The EB-5 visa provides a method of obtaining a green card for foreign nationals who invest in a new commercial enterprise, which in this case was American International Schools LLC, a private entity the school has contracted with for management and instructional services.
"These investors bought into AIS (LLC) for the purpose of seeking legal status in the United States through the EB-5 process. It was worked on by the prior AISU administration. There's some concern and some potential risk out there because of the amount of funds that were contributed as capital investments," Burggaaf said.
"There's a lot of evidence the problems were a result of our school being collateralized for a side venture. When that side venture quit working, all the liabilities that were there have now come to roost on our school," Young said.
Young said it is unfortunate that most people know little about the school.
If people heard the stories of the school's teachers and students "you would hear a story of innovation, of success of a model that was emerging that could change lives that did change lives. I want that to be the story of AISU," Young added.
For the remainder of the school year, counselors, coaches and teachers will work to mentor and advise students, Young said.
"We will help them tell their story. We want them to be able to grieve a bit and be able to communicate their feelings and their experiences so that their story can be part of this great legacy of education," he said.
Young said he and other key administrators will work with the state to ensure a smooth closure and provide information the state may need to assist its oversight responsibilities.
AISU is on "warning" status with the State Charter School Board, which authorized its charter. The school is on the state board's agenda on Thursday, although it is unclear what, if any, action it would take after the school's board of directors voted to close the school.

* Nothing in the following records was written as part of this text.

lemma alpha_All_rename_bound:
  assumes A1: "alpha_rel (graph_on UNIV \<sigma>) [{(x, y)}] A A1"
    and A2: "alpha_rel (graph_on UNIV (\<sigma>(x := z))) [] A A2"
    and z: "z \<notin> fv_fm (All y A1)"
  shows "alpha_fm [] (All y A1) (All z A2)"
proof -
  have "alpha_rel (graph_on UNIV \<sigma>) [{(x, z)}] A A2"
  proof (rule alpha_rel_push_binder[OF A2])
    fix v assume v: "v \<in> fv_fm A" "v \<noteq> x"
    then have "v \<notin> stack_dom [{(x, y)}]" by simp
    from alpha_rel_fv[OF A1 v(1) this] have "\<sigma> v \<in> fv_fm (All y A1)"
      by auto
    with z v(2) show "(\<sigma>(x := z)) v = \<sigma> v \<and> \<sigma> v \<noteq> z" by auto
  qed simp
  moreover have "alpha_rel ((graph_on UNIV \<sigma>)\<inverse>) [{(y, x)}] A1 A"
  proof -
    have "{(x, y)}\<inverse> = {(y, x)}" by auto
    with alpha_rel_converse[OF A1] show ?thesis by simp
  qed
  ultimately have "alpha_rel ((graph_on UNIV \<sigma>)\<inverse> O graph_on UNIV \<sigma>) [{(y, x)} O {(x, z)}] A1 A2"
    using alpha_rel_relcomp[of _ "[{(y, x)}]" A1 A _ "[{(x, z)}]" A2] by simp
  moreover have "{(y, x)} O {(x, z)} = {(y, z)}" by auto
  ultimately have "alpha_rel ((graph_on UNIV \<sigma>)\<inverse> O graph_on UNIV \<sigma>) [{(y, z)}] A1 A2"
    by simp
  then have "alpha_rel Id [{(y, z)}] A1 A2"
    by (rule alpha_rel_mono) auto
  then show ?thesis by (simp add: alpha_fm_iff_alpha_rel_Id alpha_rel.All)
qed

text \<open>Besides renaming, \<open>renames_into\<close> allows weakening and contraction of the context: the rules
  of LJ+ only ask for membership of the principal formula.\<close>

theorem lj_renames_into:
  "lj \<Delta> E h \<Longrightarrow> renames_into \<sigma> \<Delta> \<Delta>' \<Longrightarrow> alpha_rel (graph_on UNIV \<sigma>) [] E E' \<Longrightarrow> lj \<Delta>' E' h"
proof (induction arbitrary: \<sigma> \<Delta>' E' rule: lj.induct)
  case (L_imp F \<Delta> As p ts hs)
  obtain F' where F': "F' \<in># \<Delta>'" "alpha_rel (graph_on UNIV \<sigma>) [] F F'"
    using L_imp.prems(1) L_imp.hyps(1) unfolding renames_into_def by blast
  from alpha_fm_alpha_rel_trans[OF L_imp.hyps(2) F'(2)] obtain Cs Q where
    F'_eq: "F' = imps Cs Q" and Cs: "list_all2 (alpha_rel (graph_on UNIV \<sigma>) []) As Cs"
    and Q: "alpha_rel (graph_on UNIV \<sigma>) [] (Pred p ts) Q"
    by (blast dest: alpha_rel_imps_inv)
  have "Q = E'" using alpha_rel_graph_Pred_unique[OF Q L_imp.prems(2)] .
  moreover obtain ss where E': "E' = Pred p ss"
    using L_imp.prems(2) by (auto elim: alpha_rel_PredE)
  ultimately have "alpha_fm [] F' (imps Cs (Pred p ss))" using F'_eq alpha_fm_refl by simp
  moreover have "length hs = length Cs" using L_imp.hyps(3) Cs by (simp add: list_all2_lengthD)
  moreover have "\<forall>i<length Cs. lj \<Delta>' (Cs ! i) (hs ! i)"
  proof (intro allI impI)
    fix i assume "i < length Cs"
    with Cs have "i < length As" "alpha_rel (graph_on UNIV \<sigma>) [] (As ! i) (Cs ! i)"
      by (auto simp: list_all2_conv_all_nth)
    with L_imp.IH L_imp.prems(1) show "lj \<Delta>' (Cs ! i) (hs ! i)" by blast
  qed
  ultimately show ?case unfolding E' by (rule lj.L_imp[OF F'(1)])
next
  case (R_all \<Delta> A n x B)
  from alpha_fm_alpha_rel_trans[OF R_all.hyps(3) R_all.prems(2)] obtain y A1
    where E': "E' = All y A1" and A1: "alpha_rel (graph_on UNIV \<sigma>) [{(x, y)}] A A1"
    by (auto elim: alpha_rel_AllE)
  have "finite (fv_mset \<Delta>' \<union> fv_fm E')" by (simp add: finite_fv_mset finite_fv_fm)
  then obtain z where z: "z \<notin> fv_mset \<Delta>' \<union> fv_fm E'"
    using ex_new_if_finite[OF infinite_UNIV_nat] by blast
  obtain A2 where A2: "alpha_rel (graph_on UNIV (\<sigma>(x := z))) [] A A2"
    using alpha_rel_graph_ex by blast
  have "renames_into (\<sigma>(x := z)) \<Delta> \<Delta>'"
    unfolding renames_into_def
  proof
    fix F assume F: "F \<in># \<Delta>"
    with R_all.prems(1) obtain F' where F': "F' \<in># \<Delta>'" "alpha_rel (graph_on UNIV \<sigma>) [] F F'"
      unfolding renames_into_def by blast
    from F R_all.hyps(2) have "x \<notin> fv_fm F" unfolding fv_mset_def by auto
    from F'(2) have "alpha_rel (graph_on UNIV (\<sigma>(x := z))) [] F F'"
      by (rule alpha_rel_mono) (use \<open>x \<notin> fv_fm F\<close> in auto)
    with F'(1) show "\<exists>F'\<in>#\<Delta>'. alpha_rel (graph_on UNIV (\<sigma>(x := z))) [] F F'"
      by blast
  qed
  then have "lj \<Delta>' A2 n" using A2 by (rule R_all.IH)
  moreover have "alpha_fm [] E' (All z A2)"
    unfolding E' using A1 A2 z E' by (intro alpha_All_rename_bound) auto
  ultimately show ?case using z by (blast intro: lj.R_all)
next
  case (R_imp A \<Delta> B n C)
  from alpha_fm_alpha_rel_trans[OF R_imp.hyps(2) R_imp.prems(2)] obtain A' B'
    where E': "E' = Imp A' B'" and "alpha_rel (graph_on UNIV \<sigma>) [] A A'"
      and B': "alpha_rel (graph_on UNIV \<sigma>) [] B B'"
    by (auto elim: alpha_rel_ImpE)
  with R_imp.prems(1) have "renames_into \<sigma> (add_mset A \<Delta>) (add_mset A' \<Delta>')"
    unfolding renames_into_def by auto
  then have "lj (add_mset A' \<Delta>') B' n" using B' by (rule R_imp.IH)
  moreover have "alpha_fm [] E' (Imp A' B')" using E' alpha_fm_refl by simp
  ultimately show ?case by (rule lj.R_imp)
qed
text \<open>
  Part (b): if the cone containment holds with a factor alpha' < alpha, testing it on single rays
  shows that the gauge of B - f is at most alpha' times that of L - f, so the shrunken simplex
  L_alpha lies in the interior of B. Each of the n + 1 lattice points z_i lies outside int B and
  hence beyond some facet of B; as B has at most n facets, two of them lie beyond the same facet,
  and so does the segment joining them, which therefore misses int B and with it L_alpha.

  Part (a): after a unimodular change of coordinates, f = gamma e_k with gamma not an integer. Start
  from the lattice segment on the k-th axis containing f and add the remaining coordinates one at a
  time. Each step replaces the simplex by the pyramid whose apex lies slightly below f in the new
  coordinate and whose base is the old simplex stretched about f and lifted to height 1. Lattice
  points of the new relative interior can only be at height 0, where the pyramid meets exactly the
  old relative interior. The old facet points stay in the relative interiors of the new side
  facets, the base gets a translate of one of them, and the new segments meet L_alpha.
\<close>

section \<open>Lattice-free simplices\<close>

lemma rel_interior_convex_hull_insert:
  fixes X :: "'a::euclidean_space set"
  assumes "X \<noteq> {}"
  shows "rel_interior (convex hull (insert w X)) =
     {u *\<^sub>R w + (1 - u) *\<^sub>R y | u y. 0 < u \<and> u < 1 \<and> y \<in> rel_interior (convex hull X)}"
proof -
  define S where "S b = (if b then {w} else convex hull X)" for b
  have "convex hull (insert w X) = convex hull (\<Union>(S ` UNIV))"
    using hull_insert[of convex w X] by (simp add: S_def UNIV_bool Un_commute)
  also have "rel_interior \<dots> =
    {\<Sum>i\<in>UNIV. c i *\<^sub>R s i | c s. (\<forall>i\<in>UNIV. c i > 0) \<and> sum c UNIV = 1 \<and>
      (\<forall>i\<in>UNIV. s i \<in> rel_interior (S i))}"
    by (rule rel_interior_convex_hull_union) (auto simp: S_def assms convex_convex_hull)
  also have "\<dots> = {u *\<^sub>R w + (1 - u) *\<^sub>R y | u y. 0 < u \<and> u < 1 \<and> y \<in> rel_interior (convex hull X)}"
  proof (intro equalityI subsetI)
    fix x assume "x \<in> {\<Sum>i\<in>UNIV. c i *\<^sub>R s i | c s. (\<forall>i\<in>UNIV. c i > 0) \<and> sum c UNIV = 1 \<and>
      (\<forall>i\<in>UNIV. s i \<in> rel_interior (S i))}"
    then obtain c s where cs: "\<forall>i. c i > 0" "sum c UNIV = 1" "\<forall>i. s i \<in> rel_interior (S i)"
      "x = (\<Sum>i\<in>UNIV. c i *\<^sub>R s i)"
      by blast
    have "c False = 1 - c True" using cs(2) by (simp add: UNIV_bool)
    then have "x = c True *\<^sub>R w + (1 - c True) *\<^sub>R s False"
      using cs(3)[rule_format, of True] cs(4) by (simp add: S_def UNIV_bool)
    moreover have "s False \<in> rel_interior (convex hull X)" using cs(3)[rule_format, of False] by (simp add: S_def)
    moreover have "0 < c True" "c True < 1"
      using cs(1)[rule_format, of True] cs(1)[rule_format, of False] cs(2) by (simp_all add: UNIV_bool)
    ultimately show "x \<in> {u *\<^sub>R w + (1 - u) *\<^sub>R y | u y. 0 < u \<and> u < 1 \<and> y \<in> rel_interior (convex hull X)}"
      by blast
  next
    fix x assume "x \<in> {u *\<^sub>R w + (1 - u) *\<^sub>R y | u y. 0 < u \<and> u < 1 \<and> y \<in> rel_interior (convex hull X)}"
    then obtain u y where uy: "0 < u" "u < 1" "y \<in> rel_interior (convex hull X)" "x = u *\<^sub>R w + (1 - u) *\<^sub>R y"
      by blast
    define c where "c b = (if b then u else 1 - u)" for b
    define s where "s b = (if b then w else y)" for b
    have "(\<forall>i\<in>UNIV. c i > 0) \<and> sum c UNIV = 1 \<and> (\<forall>i\<in>UNIV. s i \<in> rel_interior (S i)) \<and>
      x = (\<Sum>i\<in>UNIV. c i *\<^sub>R s i)"
      using uy by (auto simp: c_def s_def S_def UNIV_bool)
    then show "x \<in> {\<Sum>i\<in>UNIV. c i *\<^sub>R s i | c s. (\<forall>i\<in>UNIV. c i > 0) \<and> sum c UNIV = 1 \<and>
      (\<forall>i\<in>UNIV. s i \<in> rel_interior (S i))}" by blast
  qed
  finally show ?thesis .
qed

The school was placed on warning status late last year over concerns about its continued financial viability, said Jennifer Lambert, the Utah State Charter School Board's executive director.
The school opened the fall of 2014. State Charter School Board granted its charter in February 2013.
At the time, the charter school's application stated, "AISU will operate in a fiscally conservative and prudent manner so that the school has the resources it needs to support school improvement efforts on a continual basis."